Quuxplusone commented 4 years ago

(In reply to Eli Friedman from comment #5)=
> raddr1 and raddr2 are pointers, not integers; the rule in question doesn't
> apply.

Somehow got this backwards; meant to say "integers, not pointers".

Quuxplusone commented 4 years ago

> I think the issue you're talking about is something like the following?

Not sure if "you" is me here, but I agree that is a similar example -- z could
observe the two addresses and so we have a contradiction, like in my example.

>  (The problem is just the contradiction.)

Agreed: whether or not the addresses are equal is non-deterministic. That's why
I said my example has two possible executions. It's just, "f(true); f(false);"
is not one of them.

> raddr1 and raddr2 are integers, not pointers; the rule in question doesn't
apply.

The rule in question is a C++ rule, so it applies to Eli's example, but AFAIK
LLVM has no such rule and thus it does not apply to my example. Is that not
right?

> If you're talking about the semantics of LLVM, according to the LangRef, two
allocas can't have the same address.
> The rules for alloca specify that the memory is not freed until the function
returns. And the rules for llvm.lifetime.start/end don't say anything about the
address, only that
> accessing the memory is undefined outside the lifetime.  Therefore, it's
illegal for stack coloring to allocate two variables whose address escapes at
the same address.

Oh, that is surprising. Why would LLVM explicitly say that about alloca and not
about malloc? And what about popping and then pushing the same stack frame, so
that a stack slot ends up at the same physical address -- that would also be
two allocas with the same address (just different in provenance, similar to
malloc reusing memory), why is that not a problem?

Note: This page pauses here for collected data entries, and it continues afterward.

lemma riemann_integrable_on_if_piecewise_oscillation:
  fixes g :: "real \<Rightarrow> real"
  assumes bound: "\<And>s. s \<in> {a..b} \<Longrightarrow> \<bar>g s\<bar> \<le> M"
    and osc: "\<And>e. e > 0 \<Longrightarrow> piecewise_oscillation_le g {a..b} e"
  shows "riemann_integrable_on g a b"
proof (rule riemann_integrable_on_if_oscillation_dominated)
  have "countable {y \<in> {a..b}. \<not> continuous (at y within {a..b}) g}"
    using osc by (rule countable_discontinuities_if_piecewise_oscillation)
  then show "g integrable_on {a..b}"
    using integrable_on_if_null_discontinuities[of a b g M] bound
    by (simp add: countable_imp_null_set_lborel null_sets_completionI)
  fix e :: real assume "e > 0"
  define \<epsilon> where "\<epsilon> = e / (2 * (content {a..b} + 1))"
  have \<epsilon>: "\<epsilon> > 0" "\<epsilon> * content {a..b} < e / 2"
    using \<open>e > 0\<close> by (auto simp: \<epsilon>_def field_simps)
  obtain \<delta> h where "\<delta> > 0" "h integrable_on {a..b}" "integral {a..b} h \<le> \<epsilon> * content {a..b} + e / 2"
    and "\<forall>s\<in>{a..b}. \<forall>t\<in>{a..b}. \<bar>s - t\<bar> < \<delta> \<longrightarrow> \<bar>g t - g s\<bar> \<le> h s"
    using piecewise_oscillation_le_dominated[OF bound osc[OF \<epsilon>(1)], of "e / 2"] \<epsilon>(1) \<open>e > 0\<close>
    by auto
  with \<epsilon>(2) show "\<exists>\<delta>>0. \<exists>h. h integrable_on {a..b} \<and> integral {a..b} h < e \<and>
                 (\<forall>s\<in>{a..b}. \<forall>t\<in>{a..b}. \<bar>s - t\<bar> < \<delta> \<longrightarrow> \<bar>g t - g s\<bar> \<le> h s)"
    by (intro exI[of _ \<delta>] conjI exI[of _ h]) auto
qed

lemma affine_interpolation_endpoints:
  fixes a b u v :: real
  assumes "a \<noteq> b"
  shows "(v - u) / (b - a) * a + (b * u - a * v) / (b - a) = u"
    and "(v - u) / (b - a) * b + (b * u - a * v) / (b - a) = v"
  using assms by (simp_all add: divide_simps) (simp_all add: algebra_simps)

theorem mainTheorem6:
  fixes N :: nat and x :: "nat \<Rightarrow> real" and \<alpha> :: "nat \<Rightarrow> real"
    and q :: "nat \<Rightarrow> real \<Rightarrow> real" and f :: "real \<Rightarrow> real"
  assumes N: "N \<ge> 2"
    and incr: "\<And>i. i < N \<Longrightarrow> x i < x (Suc i)"
    and alpha: "\<And>i. 1 \<le> i \<Longrightarrow> i \<le> N \<Longrightarrow> \<alpha> i \<in> {-1<..<1}"
    and lip: "\<And>i. 1 \<le> i \<Longrightarrow> i \<le> N \<Longrightarrow> \<exists>C. C-lipschitz_on {x 0..x N} (q i)"
    and bdd: "bounded (f ` {x 0..x N})"
    and fe: "\<And>i y. 1 \<le> i \<Longrightarrow> i \<le> N \<Longrightarrow>
              y \<in> (if i < N then {x (i-1)..<x i} else {x (N-1)..x N}) \<Longrightarrow>
              (let a = (x i - x (i-1)) / (x N - x 0);
                   b = (x N * x (i-1) - x 0 * x i) / (x N - x 0)
               in f y = \<alpha> i * f ((y - b) / a) + q i ((y - b) / a))"
  shows "{y \<in> {x 0..x N}. \<not> continuous (at y within {x 0..x N}) f} \<in> null_sets lebesgue
         \<and> riemann_integrable_on f (x 0) (x N)"
proof -
  have ab: "x 0 < x N"
    using partition_less[where x = x and N = N, OF incr, of 0 N] N by simp
  define A where "A i = (x i - x (i - 1)) / (x N - x 0)" for i
  define B where "B i = (x N * x (i - 1) - x 0 * x i) / (x N - x 0)" for i
  have A: "A i > 0" if "1 \<le> i" "i \<le> N" for i
    using partition_less[where x = x and N = N, OF incr, of "i - 1" i] that ab by (simp add: A_def)
  have ends: "A i * x 0 + B i = x (i - 1) \<and> A i * x N + B i = x i" for i
    using affine_interpolation_endpoints[of "x 0" "x N"] ab by (simp add: A_def B_def)
  \<comment> \<open>The partition points are cut points, so the equation is only needed on open pieces.\<close>
  have fe': "f y = \<alpha> i * f ((y - B i) / A i) + q i ((y - B i) / A i)"
    if "1 \<le> i" "i \<le> N" "y \<in> {x (i - 1)<..<x i}" for i y
    using fe[OF that(1,2), of y] that by (cases "i < N") (auto simp: A_def B_def Let_def)
  have osc: "piecewise_oscillation_le f {x 0..x N} e" if "e > 0" for e
    using piecewise_oscillation_le_self_affine[OF A ends _ lip bdd fe' that] alpha by (simp add: abs_less_iff)
  obtain M where M: "\<And>y. y \<in> {x 0..x N} \<Longrightarrow> \<bar>f y\<bar> \<le> M"
    using bdd unfolding bounded_pos by (metis image_eqI real_norm_def)
  have "countable {y \<in> {x 0..x N}. \<not> continuous (at y within {x 0..x N}) f}"
    using osc by (rule countable_discontinuities_if_piecewise_oscillation)
  then show ?thesis
    using riemann_integrable_on_if_piecewise_oscillation[OF M osc]
    by (simp add: countable_imp_null_set_lborel null_sets_completionI)
qed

I thought the entire point of these lifetime annotations was to let LLVM re-use
the same stack slots for different variables, and this rule seems to make that
unnecessarily hard.

> according to the LangRef, two allocas can't have the same address.
All I could find in the LangRef is
>  Allocating zero bytes is legal, but the returned pointer may not be unique.
But this doesn't say that otherwise, it is unique.

I wonder if it would be possible to adjust lifetime.end semantics to say that
this may (or may not) free the memory for that alloca, to permit reusing
addresses.

Quuxplusone commented 4 years ago

(In reply to Ralf Jung from comment #7)
> Oh, that is surprising. Why would LLVM explicitly say that about alloca and
> not about malloc?

malloc'ed memory is allocated until you call free(), according to the C
standard.  This is a similar thing, except that it's freed implicitly when the
function returns.  To be clear, I only mean allocas which are live at the same
time; obviously later function calls can reuse the same stack.

(For dynamic allocas, there's also stacksave/stackrestore; a stackrestore also
frees memory.  But those are pretty rare in most code.)

> > according to the LangRef, two allocas can't have the same address.
> All I could find in the LangRef is
> >  Allocating zero bytes is legal, but the returned pointer may not be unique.
> But this doesn't say that otherwise, it is unique.

I think it's implied by "allocating" memory; two allocations can't overlap.
This roughly matches the semantics of the languages we're trying to model.

> I wonder if it would be possible to adjust lifetime.end semantics to say
> that this may (or may not) free the memory for that alloca, to permit
> reusing addresses.

Maybe.  It would be pretty inconvenient to reason about, since the uses of the
memory aren't tied to the actual allocation. And it would be difficult to
describe the rules in an intuitive way.  But I can't think of any showstoppers.

Quuxplusone commented 4 years ago

> To be clear, I only mean allocas which are live at the same time; obviously
> later function calls can reuse the same stack.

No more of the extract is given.